I was lucky in that my very first music gig, which was Radiohead in the now-defunct Temple Bar watering hole the Rock Garden back in 1993, was feted by even more seasoned gig-goers as something of a legendary experience. I had been in detention (on account of some skirmish or another in biology) only hours previously, and while I was troublesome at 16, I was also shy.

Watching this band stand on a stage – the bravery! – and perform in front of us felt like some kind of miracle. I floated outside, yelled something about having had a two-hour orgasm in the gobby, ebullient way that only a teenager can, and passed out on the cobblestones, next to the car where my dad was waiting patiently to pick my friends and me up. Even in the moment, I knew I had accessed a whole new plane of pleasure.

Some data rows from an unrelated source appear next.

lemma rising_solution_has_integral_stopped:
  assumes A2: "A2 f" and "0 \<le> t" and early: "\<And>z. z \<in> reach \<Longrightarrow> time z < t"
  shows "((\<lambda>s. f (rising_solution f B x0 s)) has_integral (rising_solution f B x0 t - x0)) {0..t}"
proof -
  let ?x = "rising_solution f B x0"
  have bdd: "bdd_above reach"
  proof (rule bdd_aboveI)
    fix z assume z: "z \<in> reach"
    have "(z - x0) / B < t" using arrival_time_increment_ge[OF z order_refl reach_ge[OF z]] early[OF z] by simp
    then show "z \<le> x0 + B * t" using B(1) by (simp add: field_simps)
  qed
  have bdd_time: "bdd_above (time ` reach)"
    by (rule bdd_aboveI[of _ t]) (use early in \<open>auto intro: less_imp_le\<close>)
  define b where "b = Sup reach"
  define \<tau> where "\<tau> = Sup (time ` reach)"
  have "f b = 0" unfolding b_def by (rule reach_Sup_stationary[OF A2 reach_Sup[OF bdd]])
  have "\<tau> \<le> t" unfolding \<tau>_def using early start_in_reach by (auto intro: cSup_least less_imp_le)
  have "0 \<le> \<tau>" using cSup_upper[OF imageI[OF start_in_reach] bdd_time] by (simp add: \<tau>_def)
  have int1: "((\<lambda>s. f (?x s)) has_integral (b - x0)) {0..\<tau>}"
    using rising_solution_has_integral[OF reach_Sup(2)[OF bdd] _ arrival_time_image_Sup[OF bdd bdd_time]]
      reach_Sup(1)[OF bdd] by (simp add: b_def \<tau>_def)
  have after: "?x s = b" if "\<tau> \<le> s" for s
  proof -
    have "s \<notin> time ` reach" using arrival_time_less_Sup[OF bdd_time] that by (force simp: \<tau>_def)
    then show ?thesis by (simp add: rising_solution_def b_def)
  qed
  have "((\<lambda>s. f (?x s)) has_integral 0) {\<tau>..t}"
    using has_integral_0 has_integral_cong[of "{\<tau>..t}" "\<lambda>s. f (?x s)" "\<lambda>_. 0"] after \<open>f b = 0\<close>
    by simp
  then have "((\<lambda>s. f (?x s)) has_integral (b - x0 + 0)) {0..t}"
    by (rule has_integral_combine[OF \<open>0 \<le> \<tau>\<close> \<open>\<tau> \<le> t\<close> int1])
  then show ?thesis using after[OF \<open>\<tau> \<le> t\<close>] by simp
qed

lemma rising_solution_solves:
  assumes "A2 f"
  shows "caratheodory_solution_on f x0 {0..} (rising_solution f B x0)"
  unfolding caratheodory_solution_on_def
proof
  fix t :: real assume "t \<in> {0..}"
  show "((\<lambda>s. f (rising_solution f B x0 s)) has_integral (rising_solution f B x0 t - x0)) {0..t}"
  proof (cases "\<exists>z\<in>reach. t \<le> time z")
    case True
    then obtain z where "z \<in> reach" "t \<le> time z" by blast
    then obtain w where "w \<in> {x0..z}" "time w = t"
      using arrival_time_attains \<open>t \<in> {0..}\<close> by force
    then show ?thesis
      using rising_solution_has_integral_reached[OF reach_downward_closed[OF \<open>z \<in> reach\<close>]] by auto
  next
    case False
    then show ?thesis
      using rising_solution_has_integral_stopped[OF assms] \<open>t \<in> {0..}\<close> by (simp add: not_le)
  qed
qed

end

lemma caratheodory_solution_exists:
  assumes A: "A1 f" "A2 f"
  shows "\<exists>x. caratheodory_solution_on f x0 {0..} x"
proof -
  have reg: "regulated f" using A(1) by (simp add: A1_def)
  obtain B where B: "0 < B" "\<And>z. \<bar>f z\<bar> \<le> B" using A(1) unfolding A1_def bounded_pos by auto
  consider "f x0 = 0" | "0 < right_lim f x0" | "0 < right_lim (reflect f) (- x0)"
    \<comment> \<open>if \<open>f x0 \<noteq> 0\<close>, A2 excludes a vanishing one-sided limit and the sign pattern \<open>+, -\<close>\<close>
    using A(2) unfolding A2_def right_lim_reflect[OF reg]
    by (metis linorder_neqE_linordered_idom minus_minus mult_zero_left mult_zero_right neg_0_less_iff_less)
  then show ?thesis
  proof cases
    case 1
    then have "caratheodory_solution_on f x0 {0..} (\<lambda>_. x0)"
      by (simp add: caratheodory_solution_on_def)
    then show ?thesis by blast
  next
    case 2
    then show ?thesis using rising_solution_solves[OF reg B 2 A(2)] by blast
  next
    case 3
    have "\<bar>reflect f z\<bar> \<le> B" for z using B(2) by (simp add: reflect_def)
    then have "caratheodory_solution_on (reflect f) (- x0) {0..} (rising_solution (reflect f) B (- x0))"
      using rising_solution_solves[OF regulated_reflect[OF reg] B(1) _ 3 A2_reflect[OF A]] by blast
    then show ?thesis
      using caratheodory_solution_on_reflect_iff[of "reflect f" "- x0"] by auto
  qed
qed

At their best, music gigs can make me shiver with happiness. There’s the anticipation, for a start: from the second you buy your ticket and pencil it into the diary. You arrive at the venue and you’re immediately with your tribe: friends, regular faces you see at all the other gigs, people who you know probably had the same reaction to hearing this particular artist’s music that you did. You’re all standing shoulder to shoulder; the warmth of bodies making you aware of the cold drink in your hand, sweating condensation. There’s something so fundamentally human and life-affirming about it.

There’s the moment when the house lights go down and a small quake of anticipation fills the room. And then, there are those few seconds of silence before you hear the first note. And then, they play a song – maybe one that you listened to in private, held your breath so you could hear it more fully, connected with it, and let it transport you – and it’s loud, so loud that the song you love feels like an embrace. And you know that others in the room feel exactly the same way, having their private love affair with this song, their emotions, out in the open for all to share. We are locked in a sonic embrace.

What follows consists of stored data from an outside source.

(* Fix a partition $[n]=U\sqcup D$ into up and down indices. A join-irreducible element $\gamma$ of the weak order on $S_n$ avoids both $\bar{2}13$ and $13\underline{2}$ if and only if its associated subset is $A_{k,l}$ for some $1\le k\le l\le n-1$, where $A_{k,k}=[1,k]$ and, for $k<l$, writing $U_{k,l}=U\cap[k+1,l]$: $A_{k,l}=[1,k]\cup U_{k,l}\cup[l+1,n]$ if $k+1,l\in D$; $A_{k,l}=U_{k,l}\cup[l+1,n]$ if $k+1\in U$, $l\in D$; $A_{k,l}=[1,k]\cup U_{k,l}$ if $k+1\in D$, $l\in U$; and $A_{k,l}=U_{k,l}$ if $k+1,l\in U$.
   Context: $S_n$: permutations of $[n]$ in one-line notation $x_1\cdots x_n$; weak order $x\le y$ iff $I(x)\subseteq I(y)$, $I(x)=\{(x_j,x_i):i<j,x_i>x_j\}$. Join-irreducibles (elements covering exactly one element) correspond bijectively to subsets $A\subseteq[n]$ with $\max([n]\setminus A)>\min A$: the permutation lists $[n]\setminus A$ in increasing order followed by $A$ in increasing order; this $A$ is the associated subset. A permutation $x$ contains $\bar{2}13$ if there are $i<j<k$ with $x_j<x_i<x_k$ and $x_i\in U$; contains $13\underline{2}$ if there are $i<j<k$ with $x_i<x_k<x_j$ and $x_k\in D$; otherwise it avoids the pattern. *)

theory Defs
  imports "HOL-Combinatorics.Combinatorics"
begin

text \<open>Permutations of [n] in one-line notation: x is a permutation of {1..n},
  x i is the entry at position i.\<close>

definition Sn :: "nat \<Rightarrow> (nat \<Rightarrow> nat) set" where
  "Sn n = {x. x permutes {1..n}}"

definition inv_set :: "nat \<Rightarrow> (nat \<Rightarrow> nat) \<Rightarrow> (nat \<times> nat) set" where
  "inv_set n x = {(x j, x i) | i j. 1 \<le> i \<and> i < j \<and> j \<le> n \<and> x i > x j}"

definition weak_le :: "nat \<Rightarrow> (nat \<Rightarrow> nat) \<Rightarrow> (nat \<Rightarrow> nat) \<Rightarrow> bool" where
  "weak_le n x y \<longleftrightarrow> inv_set n x \<subseteq> inv_set n y"

definition weak_covers :: "nat \<Rightarrow> (nat \<Rightarrow> nat) \<Rightarrow> (nat \<Rightarrow> nat) \<Rightarrow> bool" where
  "weak_covers n y x \<longleftrightarrow> x \<in> Sn n \<and> y \<in> Sn n \<and> weak_le n x y \<and> x \<noteq> y \<and>
     (\<forall>z \<in> Sn n. weak_le n x z \<and> weak_le n z y \<longrightarrow> z = x \<or> z = y)"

It’s glorious. Sometimes I can’t believe this can be even bought with money.

Everyone – the performers, the crew, the audience – is going to be delirious with gladness to be back in the darkness, beneath the loudness, singing along with pure abandon

Because I’m getting older and grouchier, gigs became something of a mild annoyance more recently. There was always someone taller in the way, or someone bitching loudly about a girl at work nearby, or someone taking dozens of selfies with an iPad, or someone who would ignore what was happening on stage, until the band got to the one song that they knew from heavy rotation on the radio, and they would sing along like a bag of cats being hammered. Now, I can’t wait to be among every last one of them.

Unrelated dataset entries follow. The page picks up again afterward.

lemma antisym_trancl_if_inj_into_order:
  assumes "r \<subseteq> A \<times> A" "inj_on k A" "r \<subseteq> inv_image s k" "trans s" "antisym s"
  shows "antisym (r\<^sup>+)"
proof (rule antisymI)
  fix p q assume pq: "(p, q) \<in> r\<^sup>+" "(q, p) \<in> r\<^sup>+"
  have "r\<^sup>+ \<subseteq> inv_image s k"
    using trancl_mono_subset[OF assms(3)] trancl_id[OF trans_inv_image[OF assms(4), of k]] by simp
  then have "k p = k q"
    using pq antisymD[OF assms(5)] by (meson in_inv_image subsetD)
  moreover have "p \<in> A" "q \<in> A"
    using pq(1) trancl_subset_Sigma[OF assms(1)] by auto
  ultimately show "p = q"
    using assms(2) by (simp add: inj_on_eq_iff)
qed

lemma u_rel_subset_order:
  assumes "refl_on Q le" "is_pseudoultrametric Q le q0 Y d"
  shows "u_rel Y d \<subseteq> le"
proof
  fix pq assume "pq \<in> u_rel Y d"
  then obtain y1 y2 y3 where y: "y1 \<in> Y" "y2 \<in> Y" "y3 \<in> Y" and legs: "d y1 y2 = d y2 y3"
    and pq: "pq = (d y1 y3, d y1 y2)"
    by (metis prod.collapse u_relE)
  have sym: "\<forall>x\<in>Y. \<forall>y\<in>Y. d x y = d y x" and in_Q: "d y1 y3 \<in> Q"
    and "some_perm (\<lambda>a b c. (d a c, d a b) \<in> le \<and> d a b = d b c) y1 y2 y3"
    using assms(2) y unfolding is_pseudoultrametric_def by auto
  \<comment> \<open>in every case but the intended one, all three sides are equal and reflexivity applies\<close>
  then show "pq \<in> le"
    unfolding some_perm_def pq
    using assms(1) sym y legs in_Q by (auto simp: refl_on_def)
qed

lemma cond_iii_if_ultrametric:
  assumes le: "partial_order_on Q le" and d: "is_ultrametric Q le q0 Y d"
  shows "cond_iii Y d"
proof -
  have pseudo: "is_pseudoultrametric Q le q0 Y d"
    and zero_iff: "\<forall>x\<in>Y. \<forall>y\<in>Y. d x y = q0 \<longleftrightarrow> x = y"
    using d unfolding is_ultrametric_def by auto
  then obtain y where "y \<in> Y" "d y y = q0"
    unfolding is_pseudoultrametric_def by auto
  then have "q0 \<in> img2 Y d"
    by (metis img2I)
  moreover have "(u_rel Y d)\<^sup>+ \<subseteq> le"
    using trancl_mono_subset[OF u_rel_subset_order[OF _ pseudo]] partial_order_onD[OF le]
    by auto
  then have "antisym ((u_rel Y d)\<^sup>+)"
    using partial_order_onD(3)[OF le] antisym_subset by blast
  moreover have "some_perm (\<lambda>a b c. d a b = d b c) y1 y2 y3"
    if "y1 \<in> Y" "y2 \<in> Y" "y3 \<in> Y" for y1 y2 y3
    using pseudo that unfolding is_pseudoultrametric_def by (blast intro: some_perm_mono)
  ultimately show ?thesis
    using pseudo zero_iff unfolding cond_iii_def is_pseudoultrametric_def preimage_is_diag_iff
    by blast
qed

When I think of the next gig I will be at, I have no idea how it might look or feel, and what modifications the live experience will undergo in the Covid era. What I do know is that everyone – the performers, the crew, the audience – is going to be delirious with gladness to be back in the darkness, beneath the loudness, singing along with pure abandon, like a bag of cats being hammered. Just thinking about it, and how richly sweet this will be, gladdens me no end.